TechnoBlog
Some computer and technology related musings.

Subscribe to
Posts [Atom]
links open windows
Sunday, April 26, 2009
Parsing XMP with python & rdflib

I have a python script that creates a web gallery. Currently it uses data from IPTC info in the files. I've been wanting to add XMP support to it for some time but couldn't find a solution. The adobe sdk is in C++ and doesn't work with python. The exempi project re-wrote it in C for use with python but it's apparently tied to pthreads on *nix. Since I don't need to create XMP just read it I started looking at RDF parsers for python and found rdflib. To get the XMP data from the images I wrote a script using info from the adobe sdk regarding how it is stored in various file types.

First off XMP is a subset of RDF encoded in XML. RDF deals with data in triples ( subject, predicate, value) which form a graph. Lists and arrays are formed by triples with the same subject and one of the predicates is 'type' with a value of 'Alt','Bag','List',or 'Seq'. the other predicates are either empty or are '_1','_2' etc. which designates the order of entries.

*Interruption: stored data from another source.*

lemma select_prog_computes:
  assumes "k \<le> n"
  shows "ram_computes_within select_prog [n, k] (enc_circuit (select_circuit n k)) (100 * (n + 1) ^ 2)"
proof (rule runs_to_computes)
  define K where "K = 2 * k + 2"
  let ?Q = "\<lambda>regs w. regs 0 = 16 + length w - 1 \<and> map regs [1..<16] @ w = enc_circuit (select_circuit n k)"
  have outputs: "runs_to select_prog 16 102 regs w (n * 7 + 17) 125 ?Q"
    if "select_inv_output n k K 0 regs w" for regs w
    by (rule runs_to_loop[where I = "select_inv_output n k K", OF select_prog_output_body
          select_prog_output_exit[OF K_def] that])
  have blocks: "runs_to select_prog 16 70 regs w (n * 27 + 6 + (n * 7 + 17)) 125 ?Q"
    if "select_inv_block n k K 0 regs w" for regs w
    using runs_to_loop[where I = "select_inv_block n k K", OF select_prog_block_body select_prog_block_exit that] outputs
    by (rule runs_to_trans)
  have columns: "runs_to select_prog 16 25 regs w
      (n * (15 + (k * 22 + 4)) + 6 + (n * 27 + 6 + (n * 7 + 17))) 125 ?Q"
    if "select_inv_column n k K 0 regs w" for regs w
    using runs_to_loop[where I = "select_inv_column n k K", OF select_prog_column_body[OF K_def] select_prog_column_exit that] blocks
    by (rule runs_to_trans)
  have init: "runs_to select_prog 16 14 regs w
      ((k + k) * 7 + 5 + (n * (15 + (k * 22 + 4)) + 6 + (n * 27 + 6 + (n * 7 + 17)))) 125 ?Q"
    if "select_inv_init n k K 0 regs w" for regs w
    using runs_to_loop[where I = "select_inv_init n k K", OF select_prog_init_body select_prog_init_exit that] columns
    by (rule runs_to_trans)
  have "14 + ((k + k) * 7 + 5 + (n * (15 + (k * 22 + 4)) + 6 + (n * 27 + 6 + (n * 7 + 17))))
      = 48 + 14 * k + 53 * n + 22 * (k * n)"
    by (simp add: algebra_simps)
  also have "\<dots> \<le> 48 + 14 * n + 53 * n + 22 * (n * n)"
    using assms by (intro add_mono mult_le_mono) simp_all
  also have "\<dots> \<le> 100 * (n + 1) ^ 2"
    by (simp add: power2_eq_square algebra_simps)
  finally show "runs_to select_prog 16 0 (snd (ram_init [n, k])) [] (100 * (n + 1) ^ 2)
      (length select_prog) ?Q"
    unfolding length_select_prog using runs_to_trans[OF select_prog_start[OF K_def] init]
    by (rule runs_to_mono[rotated])
qed (simp add: ram_output_mem_repr)

definition cd_prog :: "nat \<Rightarrow> instr list" where
  "cd_prog p = [RConst 2 1, RSub 1 1 2, RConst 3 p, RJz 1 7, RSub 0 0 3, RSub 1 1 2, RJz 4 3,
    RAdd 1 0 4, RConst 0 1]"

lemma length_cd_prog [simp]: "length (cd_prog p) = 9"
  by (simp add: cd_prog_def)

definition cd_inv :: "nat \<Rightarrow> nat \<Rightarrow> nat \<Rightarrow> nat \<Rightarrow> (nat \<Rightarrow> nat) \<Rightarrow> nat list \<Rightarrow> bool" where
  "cd_inv n k p m regs w \<longleftrightarrow> regs 0 = n - p * m \<and> regs 1 = k - 1 - m \<and> regs 2 = 1 \<and> regs 3 = p
     \<and> regs 4 = 0 \<and> w = []"
(* At the end of any iteration of the main loop of MAPTree, for every OR node $u\in\mathcal G'$ such that some partial solution rooted at $u$ in $\mathcal G'$ exists, $\mathrm{getSolution}(u)$ returns a minimum-cost partial solution rooted at $u$ in $\mathcal G'$.
   Context: Let $x_1,\dots,x_N\in\{0,1\}^F$ be a binary dataset $\mathcal X$ with labels $\mathcal Y\in\{0,1\}^N$, $[N]=\{1,\dots,N\}$. For $\mathcal I\subseteq[N]$, $f\in[F]$, $k\in\{0,1\}$ let $\mathcal I|_{f=k}=\{i\in\mathcal I:(x_i)_f=k\}$, $c^k(\mathcal I)=|\{i\in\mathcal I:y_i=k\}|$, $\mathcal V(\mathcal I)=\{f:\mathcal I|_{f=0}\neq\emptyset\text{ and }\mathcal I|_{f=1}\neq\emptyset\}$. Fix $\rho^1,\rho^0>0$, $\alpha\in(0,1)$, $\beta\ge0$; $\ell_{\rm leaf}(c^1,c^0)=B(c^1+\rho^1,c^0+\rho^0)/B(\rho^1,\rho^0)$ ($B$ the Beta function), $p_{\rm split}(d)=\alpha(1+d)^{-\beta}$, $p_{\rm leaf}(d,\mathcal I)=1$ if $\mathcal V(\mathcal I)=\emptyset$ else $1-p_{\rm split}(d)$, $p_{\rm inner}(d,\mathcal I)=0$ if $\mathcal V(\mathcal I)=\emptyset$ else $p_{\rm split}(d)/|\mathcal V(\mathcal I)|$; $-\log0=+\infty$, and a minimum over an empty set is $+\infty$. Graph $\mathcal G=\mathcal G_{\mathcal X,\mathcal Y}$: for nonempty $\mathcal I\subseteq[N]$, $d\in\{0,\dots,F\}$, an OR node $o_{\mathcal I,d}$ with terminal child $t_{\mathcal I,d}$ (edge cost $-\log p_{\rm leaf}(d,\mathcal I)-\log\ell_{\rm leaf}(c^1(\mathcal I),c^0(\mathcal I))$); for $d<F$, $f\in\mathcal V(\mathcal I)$, an AND child $a_{\mathcal I,d,f}$ (edge cost $-\log p_{\rm inner}(d,\mathcal I)$) with cost-$0$ edges to $o_{\mathcal I|_{f=0},d+1}$, $o_{\mathcal I|_{f=1},d+1}$; root $r=o_{[N],0}$; only nodes reachable from $r$ kept. A partial solution rooted at an OR node $u$ in $\mathcal G'$ is a set $\mathcal S\subseteq\mathcal G'$ containing $u$, all of whose nodes are reachable from $u$ inside $\mathcal S$, such that every AND node of $\mathcal S$ has both children in $\mathcal S$ and every OR node of $\mathcal S$ has exactly one child in $\mathcal S$; its cost is the sum of the costs of edges $v\to w$ with $v,w\in\mathcal S$. Heuristic: $h(o_{\mathcal I,d})=-\max\{\log\ell_{\rm leaf}(c^1(\mathcal I),c^0(\mathcal I)),\log p_{\rm split}(d)+\log\ell_{\rm leaf}(c^1(\mathcal I),0)+\log\ell_{\rm leaf}(0,c^0(\mathcal I))\}$. MAPTree maintains a node set $\mathcal G'$, a set $\mathcal E$ of expanded OR nodes, and values $LB[u],UB[u]\in\mathbb R\cup\{+\infty\}$ for OR nodes ($UB[u]=+\infty$ until set); for an AND node $a$ with children $o_0,o_1$, $LB[a]=LB[o_0]+LB[o_1]$ and $UB[a]=UB[o_0]+UB[o_1]$. Initialize $\mathcal G'=\{r\}$, $\mathcal E=\emptyset$, $LB[r]=h(r)$, $UB[r]=+\infty$. While $LB[r]<UB[r]$ (and optionally while time remains): (1) $o:=r$; while $o\in\mathcal E$, choose an AND child $a^*$ of $o$ minimizing $\mathrm{cost}(o,a)+LB[a]$, with children $o_0$ (value-0 side) and $o_1$, and set $o:=o_0$ if $UB[o_0]-LB[o_0]>UB[o_1]-LB[o_1]$, else $o:=o_1$. (2) Add $o$ to $\mathcal E$ and its terminal child to $\mathcal G'$; for each AND child $a$ of $o$ with children $o_0,o_1$, add $a,o_0,o_1$ to $\mathcal G'$ and set $LB[o_0]:=h(o_0)$, $LB[o_1]:=h(o_1)$. (3) Starting from $Q=\{o\}$, repeatedly remove from $Q$ an OR node $u$ of maximal depth, compute $v=\min\{\min_a(\mathrm{cost}(u,a)+LB[a]),\mathrm{cost}(u,t_u)\}$ over the AND children $a$ and terminal child $t_u$ of $u$; if $v>LB[u]$, set $LB[u]:=v$ and add to $Q$ every OR node of $\mathcal G'$ that is the parent of an AND node of $\mathcal G'$ having $u$ as child. (4) The same with $UB$ in place of $LB$, updating when $v<UB[u]$. $\mathrm{getSolution}(u)$, for an OR node $u$ with terminal child $t$: if $u$ has no AND child or $\mathrm{cost}(u,t)\le\min_a(\mathrm{cost}(u,a)+UB[a])$, return $\{u,t\}$; else, with $a^*$ an AND child attaining the minimum and children $u_0,u_1$, return $\{u,a^*\}\cup\mathrm{getSolution}(u_0)\cup\mathrm{getSolution}(u_1)$. *)

theory Defs
  imports "HOL-Analysis.Analysis"
begin

text \<open>Binary dataset: xv i f is the value (x_i)_f (True = 1), for i in {1..nN}, f in {1..nF};
  yv i is the label y_i (True = 1).\<close>

record inst =
  nN :: nat
  nF :: nat
  xv :: "nat \<Rightarrow> nat \<Rightarrow> bool"
  yv :: "nat \<Rightarrow> bool"
  rho1 :: real
  rho0 :: real
  alpha :: real
  beta :: real

definition valid_inst :: "inst \<Rightarrow> bool" where
  "valid_inst P \<longleftrightarrow> rho1 P > 0 \<and> rho0 P > 0 \<and> 0 < alpha P \<and> alpha P < 1 \<and> beta P \<ge> 0"

definition restr :: "inst \<Rightarrow> nat set \<Rightarrow> nat \<Rightarrow> bool \<Rightarrow> nat set" where
  "restr P I f k = {i \<in> I. xv P i f = k}"

definition cnt :: "inst \<Rightarrow> bool \<Rightarrow> nat set \<Rightarrow> nat" where
  "cnt P k I = card {i \<in> I. yv P i = k}"

definition Vs :: "inst \<Rightarrow> nat set \<Rightarrow> nat set" where
  "Vs P I = {f \<in> {1..nF P}. restr P I f False \<noteq> {} \<and> restr P I f True \<noteq> {}}"

definition ell :: "inst \<Rightarrow> nat \<Rightarrow> nat \<Rightarrow> real" where
  "ell P c1 c0 = Beta (real c1 + rho1 P) (real c0 + rho0 P) / Beta (rho1 P) (rho0 P)"

definition psplit :: "inst \<Rightarrow> nat \<Rightarrow> real" where
  "psplit P d = alpha P * (1 + real d) powr (- beta P)"

definition pleaf :: "inst \<Rightarrow> nat \<Rightarrow> nat set \<Rightarrow> real" where
  "pleaf P d I = (if Vs P I = {} then 1 else 1 - psplit P d)"

definition pinner :: "inst \<Rightarrow> nat \<Rightarrow> nat set \<Rightarrow> real" where
  "pinner P d I = (if Vs P I = {} then 0 else psplit P d / real (card (Vs P I)))"

definition nlog :: "real \<Rightarrow> ereal" where
  "nlog p = (if p = 0 then \<infinity> else ereal (- ln p))"

datatype node = OrN "nat set" nat | TermN "nat set" nat | AndN "nat set" nat nat

fun isOr :: "node \<Rightarrow> bool" where
  "isOr (OrN _ _) = True" | "isOr _ = False"

fun isAnd :: "node \<Rightarrow> bool" where
  "isAnd (AndN _ _ _) = True" | "isAnd _ = False"

fun depth :: "node \<Rightarrow> nat" where
  "depth (OrN _ d) = d" | "depth (TermN _ d) = d" | "depth (AndN _ d _) = d"

fun termch :: "node \<Rightarrow> node" where
  "termch (OrN I d) = TermN I d" | "termch n = n"

fun child0 :: "inst \<Rightarrow> node \<Rightarrow> node" where
  "child0 P (AndN I d f) = OrN (restr P I f False) (Suc d)" | "child0 P n = n"

fun child1 :: "inst \<Rightarrow> node \<Rightarrow> node" where
  "child1 P (AndN I d f) = OrN (restr P I f True) (Suc d)" | "child1 P n = n"
(* In a synchronized communication system of $n$ robots, let $IR$ be its isolation-resilience and let $SN$ be the maximum possible number of starving robots in the system. Then $SN+IR=n-1$.
   Context: Model. A system consists of pairwise disjoint unit circles $C_1,\dots,C_n$ in the plane (trajectories) and a communication range $r>0$. Its communication graph $G$ has vertex set $\{C_1,\dots,C_n\}$, $C_i,C_j$ adjacent iff the distance between their centres is at most $2+r$. Positions on a circle are angles (mod $2\pi$). For an edge $(i,j)$, the link position $\phi_{ij}$ is the angle of the point of $C_i$ closest to $C_j$. A schedule $F=(f,g)$ assigns each circle a starting angle $f(C_i)$ and direction $g(C_i)\in\{1,-1\}$; a robot following it on $C_i$ is at $f(C_i)+g(C_i)2\pi t$ at time $t$. $F$ is a synchronization schedule if $g(C_i)=-g(C_j)$ for adjacent circles and robots following $F$ on adjacent $C_i,C_j$ are at $\phi_{ij},\phi_{ji}$ at exactly the same times. A synchronized communication system (SCS) consists of $n$ robots, initially one per circle, following a synchronization schedule, with the switching rule: when a robot on $C_i$ reaches $\phi_{ij}$ and $C_j$ is empty, it instantly passes to $C_j$ and follows the schedule of $C_j$; if $C_j$ has a robot, they meet and each stays on its circle. A partial SCS arises by letting some robots leave (possibly at different times); remaining robots never leave. A surviving robot $u$ starves if every time $u$ arrives at a link position $\phi_{ij}$ of its current circle $C_i$, the circle $C_j$ is empty; the system is in starvation state if all surviving robots starve. The isolation-resilience is the largest $k$ such that, whichever $k$ robots leave, the system does not fall into starvation state. The maximum possible number of starving robots is taken over all partial SCSs obtained from the given SCS by letting robots leave. *)

theory Defs
  imports "HOL-Analysis.Analysis"
begin

text \<open>Circles C_0,...,C_(n-1) are unit circles with centres c i (complex plane).
  Robots are numbered 0..n-1; robot u starts on circle u.
  Angles are reals; two angles denote the same position iff their cis agree (mod 2 pi).\<close>

definition valid_system :: "nat \<Rightarrow> (nat \<Rightarrow> complex) \<Rightarrow> real \<Rightarrow> bool" where
  "valid_system n c r \<longleftrightarrow> r > 0 \<and> (\<forall>i<n. \<forall>j<n. i \<noteq> j \<longrightarrow> dist (c i) (c j) > 2)"

definition adj :: "(nat \<Rightarrow> complex) \<Rightarrow> real \<Rightarrow> nat \<Rightarrow> nat \<Rightarrow> bool" where
  "adj c r i j \<longleftrightarrow> i \<noteq> j \<and> dist (c i) (c j) \<le> 2 + r"

text \<open>Link position phi_ij: angle of the point of C_i closest to C_j.\<close>
definition link_pos :: "(nat \<Rightarrow> complex) \<Rightarrow> nat \<Rightarrow> nat \<Rightarrow> real" where
  "link_pos c i j = Arg (c j - c i)"

definition robot_pos :: "(nat \<Rightarrow> real) \<Rightarrow> (nat \<Rightarrow> int) \<Rightarrow> nat \<Rightarrow> real \<Rightarrow> real" where
  "robot_pos f g i t = f i + of_int (g i) * 2 * pi * t"

definition at_link :: "(nat \<Rightarrow> complex) \<Rightarrow> (nat \<Rightarrow> real) \<Rightarrow> (nat \<Rightarrow> int) \<Rightarrow> nat \<Rightarrow> nat \<Rightarrow> real \<Rightarrow> bool" where
  "at_link c f g i j t \<longleftrightarrow> cis (robot_pos f g i t) = cis (link_pos c i j)"

definition is_sync_schedule ::
  "nat \<Rightarrow> (nat \<Rightarrow> complex) \<Rightarrow> real \<Rightarrow> (nat \<Rightarrow> real) \<Rightarrow> (nat \<Rightarrow> int) \<Rightarrow> bool" where
  "is_sync_schedule n c r f g \<longleftrightarrow>
     (\<forall>i<n. g i = 1 \<or> g i = -1) \<and>
     (\<forall>i<n. \<forall>j<n. adj c r i j \<longrightarrow>
         g i = - g j \<and> (\<forall>t. at_link c f g i j t \<longleftrightarrow> at_link c f g j i t))"

definition event_times ::
  "nat \<Rightarrow> (nat \<Rightarrow> complex) \<Rightarrow> real \<Rightarrow> (nat \<Rightarrow> real) \<Rightarrow> (nat \<Rightarrow> int) \<Rightarrow> real set" where
  "event_times n c r f g = {t. 0 \<le> t \<and> (\<exists>i<n. \<exists>j<n. adj c r i j \<and> at_link c f g i j t)}"

text \<open>Configuration: robot \<mapsto> circle it is on (None = robot has left / absent).\<close>
type_synonym config = "nat \<Rightarrow> nat option"

definition occupied :: "config \<Rightarrow> nat \<Rightarrow> bool" where
  "occupied \<sigma> j \<longleftrightarrow> (\<exists>u. \<sigma> u = Some j)"

definition move ::
  "nat \<Rightarrow> (nat \<Rightarrow> complex) \<Rightarrow> real \<Rightarrow> (nat \<Rightarrow> real) \<Rightarrow> (nat \<Rightarrow> int) \<Rightarrow> real \<Rightarrow> config \<Rightarrow> config" where
  "move n c r f g t \<sigma> = (\<lambda>u. case \<sigma> u of
      None \<Rightarrow> None
    | Some i \<Rightarrow>
        if (\<exists>j<n. adj c r i j \<and> at_link c f g i j t \<and> \<not> occupied \<sigma> j)
        then Some (THE j. j < n \<and> adj c r i j \<and> at_link c f g i j t \<and> \<not> occupied \<sigma> j)
        else Some i)"

text \<open>Departures: robots in L leave at time tau u (they take part in no event at a time \<ge> tau u).\<close>
definition alive :: "nat set \<Rightarrow> (nat \<Rightarrow> real) \<Rightarrow> nat \<Rightarrow> real \<Rightarrow> bool" where
  "alive L \<tau> u t \<longleftrightarrow> u \<notin> L \<or> t < \<tau> u"

definition kill :: "nat set \<Rightarrow> (nat \<Rightarrow> real) \<Rightarrow> real \<Rightarrow> config \<Rightarrow> config" where
  "kill L \<tau> t \<sigma> = (\<lambda>u. if alive L \<tau> u t then \<sigma> u else None)"

definition init_config :: "nat \<Rightarrow> config" where
  "init_config n = (\<lambda>u. if u < n then Some u else None)"

definition state_before ::
  "nat \<Rightarrow> (nat \<Rightarrow> complex) \<Rightarrow> real \<Rightarrow> (nat \<Rightarrow> real) \<Rightarrow> (nat \<Rightarrow> int) \<Rightarrow>
   nat set \<Rightarrow> (nat \<Rightarrow> real) \<Rightarrow> real \<Rightarrow> config" where
  "state_before n c r f g L \<tau> t =
     foldl (\<lambda>\<sigma> s. move n c r f g s (kill L \<tau> s \<sigma>)) (init_config n)
       (sorted_list_of_set {s \<in> event_times n c r f g. s < t})"

definition pre_state ::
  "nat \<Rightarrow> (nat \<Rightarrow> complex) \<Rightarrow> real \<Rightarrow> (nat \<Rightarrow> real) \<Rightarrow> (nat \<Rightarrow> int) \<Rightarrow>
   nat set \<Rightarrow> (nat \<Rightarrow> real) \<Rightarrow> real \<Rightarrow> config" where
  "pre_state n c r f g L \<tau> t = kill L \<tau> t (state_before n c r f g L \<tau> t)"

definition starves_at ::
  "nat \<Rightarrow> (nat \<Rightarrow> complex) \<Rightarrow> real \<Rightarrow> (nat \<Rightarrow> real) \<Rightarrow> (nat \<Rightarrow> int) \<Rightarrow>
   nat set \<Rightarrow> (nat \<Rightarrow> real) \<Rightarrow> nat \<Rightarrow> real \<Rightarrow> bool" where
  "starves_at n c r f g L \<tau> u t \<longleftrightarrow>
     (\<forall>i j. pre_state n c r f g L \<tau> t u = Some i \<longrightarrow> j < n \<longrightarrow> adj c r i j \<longrightarrow>
        at_link c f g i j t \<longrightarrow> \<not> occupied (pre_state n c r f g L \<tau> t) j)"

definition starves_from ::
  "nat \<Rightarrow> (nat \<Rightarrow> complex) \<Rightarrow> real \<Rightarrow> (nat \<Rightarrow> real) \<Rightarrow> (nat \<Rightarrow> int) \<Rightarrow>
   nat set \<Rightarrow> (nat \<Rightarrow> real) \<Rightarrow> real \<Rightarrow> nat \<Rightarrow> bool" where
  "starves_from n c r f g L \<tau> T u \<longleftrightarrow>
     (\<forall>t \<in> event_times n c r f g. T \<le> t \<longrightarrow> starves_at n c r f g L \<tau> u t)"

The first problem I ran into was a lack of documentation on rdflib. The only tutorials / examples I could find dealt with retreiving a single value which doesn't help when most of the data I needed was Alt or Bag. The second problem was that the parser was choking on the data I gave it which contained XML other that RDF. It just occured to me that I should have tried load instead of parse. Anyway, here is the method I've used to retreive data:


def getData(graph, pred):
''' '''
try : x=graph.objects(None, pred).next()
except StopIteration : x=None
if not isinstance(x,BNode) : return x
ns=Namespace(RDF.RDFNS)
val=graph.value(subject=x,predicate=ns['type'])
if val in [RDF.Alt,RDF.Bag,RDF.Seq,RDF.List] :
return Seq(graph,x)
return None